At 05:39 AM 01/24/02 -0800, Rich Thomas wrote:
>I've included my confg file and a sample of results.
Thanks!
>Why do I get Null
>titles and no descriptions?
Titles work, so I'd need to see your CGI script. But you don't have a
<body> tag, and the basic HTML parser is not smart enough to fix your
broken HTML.
> head rich.html
<title> E/E/F/8/403 University at Buffalo Libraries Web Catalog</title> <br>
<h3>
United States. Bureau of Land Management.</h3> <br>
<h3>
BLM Wyoming fishing opportunities / United States Department of the
Interior, Bureau of Land Management.</h3> <br>
<h3>
Wyoming fishing opportunities</h3> <br>
<h3>
Title within map border: Fishing opportunities [place] Wyoming</h3> <br>
> cat rich.conf
StoreDescription HTML <body> 5000
> ./swish-e -c rich.conf -i rich.html -v 0
Indexing Data Source: "File-System"
Indexing done!
> ./swish-e -w horn -p swishdescription -H0
1000 rich.html "E/E/F/8/403 University at Buffalo Libraries Web Catalog"
1630 ""
.
See, we are getting the title, but not the description because there's no
body tag. Now, let's get the help from libxml2 (because it will attempt to
fix your html):
> cat rich.conf
StoreDescription HTML2 <body> 5000
DefaultContents HTML2
> ./swish-e -c rich.conf -i rich.html -v 0
Indexing Data Source: "File-System"
Indexing done!
> ./swish-e -w horn -p swishdescription -H0
1000 rich.html "E/E/F/8/403 University at Buffalo Libraries Web Catalog"

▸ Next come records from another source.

abbreviation f :: "'e \<Rightarrow> real" where "f \<equiv> h \<circ> F"
abbreviation fmin :: real where "fmin \<equiv> (INF z\<in>X. f z)"
abbreviation Xstar :: "'e set" where "Xstar \<equiv> argmin_on f X"
abbreviation r :: real where "r \<equiv> (\<mu> - 2 * b) / (2 * a)"
abbreviation L :: real where
  "L \<equiv> Sup {norm z | z y. z \<in> comp_subdiff h F DF y \<and> y \<in> X \<and> infdist y Xstar \<le> r}"
abbreviation rate :: real where "rate \<equiv> 1 - (1 - \<gamma>) * \<mu> * (\<mu> - 2 * b) / L\<^sup>2"

definition polyak_update :: "'e \<Rightarrow> 'e \<Rightarrow> 'e" where
  "polyak_update x \<zeta> =
     (if \<zeta> = 0 then x else closest_point X (x - ((f x - fmin) / (norm \<zeta>)\<^sup>2) *\<^sub>R \<zeta>))"

lemma rate_le_1: "rate \<le> 1"
proof -
  have "0 \<le> (1 - \<gamma>) * \<mu> * (\<mu> - 2 * b) / L\<^sup>2"
    using gamma_lt mu_gt b_nonneg by (intro divide_nonneg_nonneg mult_nonneg_nonneg) auto
  then show ?thesis by linarith
qed

lemma closed_Xstar: "closed Xstar"
proof -
  have "continuous_on UNIV F"
    by (rule has_derivative_continuous_on[of UNIV F "\<lambda>x. blinfun_apply (DF x)"]) (use F_deriv in auto)
  moreover have "continuous_on UNIV h"
    using convex_on_continuous[OF open_UNIV h_convex] .
  ultimately have "continuous_on X f"
    using continuous_on_compose continuous_on_subset subset_UNIV by metis
  then show ?thesis using closed_argmin_on X_closed by blast
qed

lemma subgradient_model:
  assumes "x \<in> X" "p \<in> Xstar" "\<zeta> \<in> comp_subdiff h F DF x"
  shows "\<zeta> \<bullet> (x - p) \<ge> (f x - fmin) - a * (dist x p)\<^sup>2 - b * dist x p"
proof -
  have "p \<in> X" using assms(2) unfolding argmin_on_def by auto
  have "f x + \<zeta> \<bullet> (p - x) \<le> h (F x + DF x (p - x))"
    using comp_subdiff_linearization[OF assms(3)] by simp
  also have "\<dots> \<le> f p + a * (dist x p)\<^sup>2 + b * dist x p"
    using approx[OF assms(1) \<open>p \<in> X\<close>] by (simp add: dist_norm norm_minus_commute)
  finally show ?thesis
    using argmin_on_imp_eq_Inf[OF assms(2)] by (simp add: inner_diff_right)
qed
lemma basis_dist_in_polar:
  assumes "CARD('n) = d\<^sup>2" "A \<subseteq> simplexD"
  shows "(basis_dist d k :: real^'n) \<in> polar d A"
proof -
  have "1 / (real d * (real d + 1)) \<le> inner (basis_dist d k) v" if "v \<in> A" for v
  proof -
    have "v \<in> hypH" "v $ k \<ge> 0"
      using that assms(2) by (auto simp: simplexD_def hypH_def)
    then have "(0 + 1 / real d) / (real d + 1) \<le> (v $ k + 1 / real d) / (real d + 1)"
      by (intro divide_right_mono) simp_all
    then show ?thesis
      using \<open>v \<in> hypH\<close> by (simp add: inner_basis_dist)
  qed
  then show ?thesis
    using basis_dist_in_hypH[OF assms(1)] by (simp add: polar_def)
qed

lemma basis_dist_in_qplex:
  assumes "CARD('n) = d\<^sup>2" "qplex d Q"
  shows "(basis_dist d k :: real^'n) \<in> Q"
  using basis_dist_in_polar[OF assms(1), of Q] assms(2) by (auto simp: qplex_def)

definition meas_row :: "('n \<Rightarrow> 'n \<Rightarrow> real) \<Rightarrow> 'n \<Rightarrow> real^'n" where
  "meas_row r i = (\<chi> j. r i j)"

lemma meas_row_nth [simp]: "meas_row r i $ j = r i j"
  by (simp add: meas_row_def)

lemma q_r_nth:
  "q_r d r q $ i = (real d + 1) * inner (meas_row r i) q - (\<Sum>j\<in>UNIV. r i j) / real d"
proof -
  have "q_r d r q $ i = (\<Sum>j\<in>UNIV. (real d + 1) * (r i j * q $ j) - r i j / real d)"
    by (simp add: q_r_def algebra_simps)
  then show ?thesis
    by (simp add: inner_vec_def sum_subtractf sum_distrib_left sum_divide_distrib)
qed

lemma stretched_mult_hypH:
  assumes "q \<in> hypH"
  shows "stretched d r *v q = q_r d r q"
proof -
  have "(stretched d r *v q) $ i = q_r d r q $ i" for i
  proof -
    have "(stretched d r *v q) $ i
        = (\<Sum>j\<in>UNIV. (real d + 1) * (r i j * q $ j) - (\<Sum>k\<in>UNIV. r i k) / real d * q $ j)"
      by (simp add: stretched_def matrix_vector_mult_def algebra_simps)
    also have "\<dots> = (real d + 1) * inner (meas_row r i) q
        - (\<Sum>k\<in>UNIV. r i k) / real d * (\<Sum>j\<in>UNIV. q $ j)"
      by (simp add: inner_vec_def sum_subtractf sum_distrib_left)
    finally show ?thesis
      using assms by (simp add: hypH_def q_r_nth)
  qed
  then show ?thesis by (simp add: vec_eq_iff)
qed

lemma q_r_basis_dist: "q_r d r (basis_dist d i) $ j = r j i"
proof -
  have "q_r d r (basis_dist d i) $ j = (\<Sum>k\<in>UNIV. if i = k then r j k else 0)"
    unfolding q_r_def vec_lambda_beta basis_dist_stretch by (intro sum.cong) simp_all
  then show ?thesis by simp
qed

1630 "United States. Bureau of Land Management. BLM Wyoming fishing
opportunities /
..
There, libxml2 came to the rescue.
>How do I force swish-e not to follow all links when using the http method?
>Is this even possible?
robots.txt. Standard robots exclusion.
Too bad FileRules doesn't work on URLs.
I believe I've dropped hints all over the 2.1 docs that I'm not a fan of
the -S http method.
If you use -S prog and the spider.pl program you can have full control over
spidering. You can use robots.txt, or use the <META> robots exclusion tags
per document, or perl regular expressions or anything you can imagine to
control what is spidered.
--
Bill Moseley
mailto:moseley@hank.org
Received on Thu Jan 24 14:28:07 2002